EXERCISE BRIEF: Could you restate every record below word for word?

INPUT FOR THIS TASK:
(* Let $n\ge2$, $p>n$, and let $A$ satisfy: (i) $A\in C([0,+\infty))$; (ii) $\delta\le A\le L$ for positive constants $\delta,L$; (iii) $t\mapsto t^{p-1}A(t)$ is strictly increasing for $t>0$. Let $x_0\in\mathbb{R}^n$, $R>0$, and $f\in L^\infty(B_R(x_0))$. Then there exists a family $\{v_{a,x_0}\}_{a\ge0}$ of functions, radially symmetric with respect to $x_0$, each of which is a weak supersolution of $-\mathrm{div}(|\nabla v|^{p-2}A(|\nabla v|)\nabla v)=f$ in $B_R(x_0)\setminus\{x_0\}$, such that for every $a\ge0$ and $x\in B_R(x_0)$, $$\Big(\frac{1}{L}\Big)^{\frac{1}{p-1}}a\,\frac{|x-x_0|^{\alpha}}{\alpha}\le v_{a,x_0}(x)\le\Big(\frac{1}{\delta}\Big)^{\frac{1}{p-1}}\left(a+\Big(\frac{R^n\|f\|_\infty}{n}\Big)^{\frac{1}{p-1}}\right)\frac{|x-x_0|^{\alpha}}{\alpha},$$ where $\alpha=\frac{p-n}{p-1}$ and $\|f\|_\infty$ is the $L^\infty(B_R(x_0))$ norm of $f$.
   Context: A function $v\in W^{1,p}_{loc}(\Omega)$ is a weak supersolution of $-\mathrm{div}(|\nabla v|^{p-2}A(|\nabla v|)\nabla v)=f$ in an open set $\Omega$ if $\int_\Omega |\nabla v|^{p-2}A(|\nabla v|)\nabla v\cdot\nabla\eta\,dx\ge\int_\Omega f\eta\,dx$ for all nonnegative $\eta\in C_0^\infty(\Omega)$. *)

theory Defs
  imports "HOL-Analysis.Analysis"
begin

coinductive smooth_fun :: "('a::euclidean_space \<Rightarrow> real) \<Rightarrow> bool" where
  "(\<forall>x. \<phi> differentiable (at x)) \<Longrightarrow>
   (\<forall>b\<in>Basis. smooth_fun (\<lambda>x. frechet_derivative \<phi> (at x) b)) \<Longrightarrow> smooth_fun \<phi>"

definition grad :: "('a::euclidean_space \<Rightarrow> real) \<Rightarrow> 'a \<Rightarrow> 'a" where
  "grad \<phi> x = (\<Sum>b\<in>Basis. frechet_derivative \<phi> (at x) b *\<^sub>R b)"

definition test_fun :: "'a::euclidean_space set \<Rightarrow> ('a \<Rightarrow> real) \<Rightarrow> bool" where
  "test_fun \<Omega> \<phi> \<longleftrightarrow> smooth_fun \<phi> \<and> compact (closure {x. \<phi> x \<noteq> 0})
      \<and> closure {x. \<phi> x \<noteq> 0} \<subseteq> \<Omega>"

definition Lp_loc :: "real \<Rightarrow> 'a::euclidean_space set \<Rightarrow> ('a \<Rightarrow> 'b::euclidean_space) \<Rightarrow> bool" where
  "Lp_loc p \<Omega> u \<longleftrightarrow> (\<forall>K. compact K \<and> K \<subseteq> \<Omega> \<longrightarrow>
      set_borel_measurable lebesgue K u \<and> set_integrable lebesgue K (\<lambda>x. norm (u x) powr p))"

definition weak_gradient :: "'a::euclidean_space set \<Rightarrow> ('a \<Rightarrow> real) \<Rightarrow> ('a \<Rightarrow> 'a) \<Rightarrow> bool" where
  "weak_gradient \<Omega> v g \<longleftrightarrow> Lp_loc 1 \<Omega> v \<and> Lp_loc 1 \<Omega> g \<and>
     (\<forall>\<phi>. test_fun \<Omega> \<phi> \<longrightarrow> (\<forall>i\<in>Basis.
        (LINT x:\<Omega>|lebesgue. v x * frechet_derivative \<phi> (at x) i)
          = - (LINT x:\<Omega>|lebesgue. (g x \<bullet> i) * \<phi> x)))"

definition weak_supersolution ::
  "real \<Rightarrow> (real \<Rightarrow> real) \<Rightarrow> ('a::euclidean_space \<Rightarrow> real) \<Rightarrow> 'a set \<Rightarrow> ('a \<Rightarrow> real) \<Rightarrow> bool" where
  "weak_supersolution p A f \<Omega> v \<longleftrightarrow> (\<exists>g. weak_gradient \<Omega> v g \<and> Lp_loc p \<Omega> v \<and> Lp_loc p \<Omega> g \<and>
     (\<forall>\<eta>. test_fun \<Omega> \<eta> \<and> (\<forall>x. \<eta> x \<ge> 0) \<longrightarrow>
        set_integrable lebesgue \<Omega> (\<lambda>x. norm (g x) powr (p - 2) * A (norm (g x)) * (g x \<bullet> grad \<eta> x)) \<and>
        set_integrable lebesgue \<Omega> (\<lambda>x. f x * \<eta> x) \<and>
        (LINT x:\<Omega>|lebesgue. norm (g x) powr (p - 2) * A (norm (g x)) * (g x \<bullet> grad \<eta> x))
          \<ge> (LINT x:\<Omega>|lebesgue. f x * \<eta> x)))"

definition Linf_on :: "'a::euclidean_space set \<Rightarrow> ('a \<Rightarrow> real) \<Rightarrow> bool" where
  "Linf_on S f \<longleftrightarrow> set_borel_measurable lebesgue S f \<and>
     (\<exists>C. AE x in lebesgue. x \<in> S \<longrightarrow> \<bar>f x\<bar> \<le> C)"

definition Linf_norm :: "'a::euclidean_space set \<Rightarrow> ('a \<Rightarrow> real) \<Rightarrow> real" where
  "Linf_norm S f = Inf {C. C \<ge> 0 \<and> (AE x in lebesgue. x \<in> S \<longrightarrow> \<bar>f x\<bar> \<le> C)}"

end

theory Submission
  imports Defs
begin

SOLUTION TO THIS EXERCISE:
(* Let $n\ge2$, $p>n$, and let $A$ satisfy: (i) $A\in C([0,+\infty))$; (ii) $\delta\le A\le L$ for positive constants $\delta,L$; (iii) $t\mapsto t^{p-1}A(t)$ is strictly increasing for $t>0$. Let $x_0\in\mathbb{R}^n$, $R>0$, and $f\in L^\infty(B_R(x_0))$. Then there exists a family $\{v_{a,x_0}\}_{a\ge0}$ of functions, radially symmetric with respect to $x_0$, each of which is a weak supersolution of $-\mathrm{div}(|\nabla v|^{p-2}A(|\nabla v|)\nabla v)=f$ in $B_R(x_0)\setminus\{x_0\}$, such that for every $a\ge0$ and $x\in B_R(x_0)$, $$\Big(\frac{1}{L}\Big)^{\frac{1}{p-1}}a\,\frac{|x-x_0|^{\alpha}}{\alpha}\le v_{a,x_0}(x)\le\Big(\frac{1}{\delta}\Big)^{\frac{1}{p-1}}\left(a+\Big(\frac{R^n\|f\|_\infty}{n}\Big)^{\frac{1}{p-1}}\right)\frac{|x-x_0|^{\alpha}}{\alpha},$$ where $\alpha=\frac{p-n}{p-1}$ and $\|f\|_\infty$ is the $L^\infty(B_R(x_0))$ norm of $f$.
   Context: A function $v\in W^{1,p}_{loc}(\Omega)$ is a weak supersolution of $-\mathrm{div}(|\nabla v|^{p-2}A(|\nabla v|)\nabla v)=f$ in an open set $\Omega$ if $\int_\Omega |\nabla v|^{p-2}A(|\nabla v|)\nabla v\cdot\nabla\eta\,dx\ge\int_\Omega f\eta\,dx$ for all nonnegative $\eta\in C_0^\infty(\Omega)$. *)

theory Defs
  imports "HOL-Analysis.Analysis"
begin

coinductive smooth_fun :: "('a::euclidean_space \<Rightarrow> real) \<Rightarrow> bool" where
  "(\<forall>x. \<phi> differentiable (at x)) \<Longrightarrow>
   (\<forall>b\<in>Basis. smooth_fun (\<lambda>x. frechet_derivative \<phi> (at x) b)) \<Longrightarrow> smooth_fun \<phi>"

definition grad :: "('a::euclidean_space \<Rightarrow> real) \<Rightarrow> 'a \<Rightarrow> 'a" where
  "grad \<phi> x = (\<Sum>b\<in>Basis. frechet_derivative \<phi> (at x) b *\<^sub>R b)"

definition test_fun :: "'a::euclidean_space set \<Rightarrow> ('a \<Rightarrow> real) \<Rightarrow> bool" where
  "test_fun \<Omega> \<phi> \<longleftrightarrow> smooth_fun \<phi> \<and> compact (closure {x. \<phi> x \<noteq> 0})
      \<and> closure {x. \<phi> x \<noteq> 0} \<subseteq> \<Omega>"

definition Lp_loc :: "real \<Rightarrow> 'a::euclidean_space set \<Rightarrow> ('a \<Rightarrow> 'b::euclidean_space) \<Rightarrow> bool" where
  "Lp_loc p \<Omega> u \<longleftrightarrow> (\<forall>K. compact K \<and> K \<subseteq> \<Omega> \<longrightarrow>
      set_borel_measurable lebesgue K u \<and> set_integrable lebesgue K (\<lambda>x. norm (u x) powr p))"

definition weak_gradient :: "'a::euclidean_space set \<Rightarrow> ('a \<Rightarrow> real) \<Rightarrow> ('a \<Rightarrow> 'a) \<Rightarrow> bool" where
  "weak_gradient \<Omega> v g \<longleftrightarrow> Lp_loc 1 \<Omega> v \<and> Lp_loc 1 \<Omega> g \<and>
     (\<forall>\<phi>. test_fun \<Omega> \<phi> \<longrightarrow> (\<forall>i\<in>Basis.
        (LINT x:\<Omega>|lebesgue. v x * frechet_derivative \<phi> (at x) i)
          = - (LINT x:\<Omega>|lebesgue. (g x \<bullet> i) * \<phi> x)))"

definition weak_supersolution ::
  "real \<Rightarrow> (real \<Rightarrow> real) \<Rightarrow> ('a::euclidean_space \<Rightarrow> real) \<Rightarrow> 'a set \<Rightarrow> ('a \<Rightarrow> real) \<Rightarrow> bool" where
  "weak_supersolution p A f \<Omega> v \<longleftrightarrow> (\<exists>g. weak_gradient \<Omega> v g \<and> Lp_loc p \<Omega> v \<and> Lp_loc p \<Omega> g \<and>
     (\<forall>\<eta>. test_fun \<Omega> \<eta> \<and> (\<forall>x. \<eta> x \<ge> 0) \<longrightarrow>
        set_integrable lebesgue \<Omega> (\<lambda>x. norm (g x) powr (p - 2) * A (norm (g x)) * (g x \<bullet> grad \<eta> x)) \<and>
        set_integrable lebesgue \<Omega> (\<lambda>x. f x * \<eta> x) \<and>
        (LINT x:\<Omega>|lebesgue. norm (g x) powr (p - 2) * A (norm (g x)) * (g x \<bullet> grad \<eta> x))
          \<ge> (LINT x:\<Omega>|lebesgue. f x * \<eta> x)))"

definition Linf_on :: "'a::euclidean_space set \<Rightarrow> ('a \<Rightarrow> real) \<Rightarrow> bool" where
  "Linf_on S f \<longleftrightarrow> set_borel_measurable lebesgue S f \<and>
     (\<exists>C. AE x in lebesgue. x \<in> S \<longrightarrow> \<bar>f x\<bar> \<le> C)"

definition Linf_norm :: "'a::euclidean_space set \<Rightarrow> ('a \<Rightarrow> real) \<Rightarrow> real" where
  "Linf_norm S f = Inf {C. C \<ge> 0 \<and> (AE x in lebesgue. x \<in> S \<longrightarrow> \<bar>f x\<bar> \<le> C)}"

end

theory Submission
  imports Defs
begin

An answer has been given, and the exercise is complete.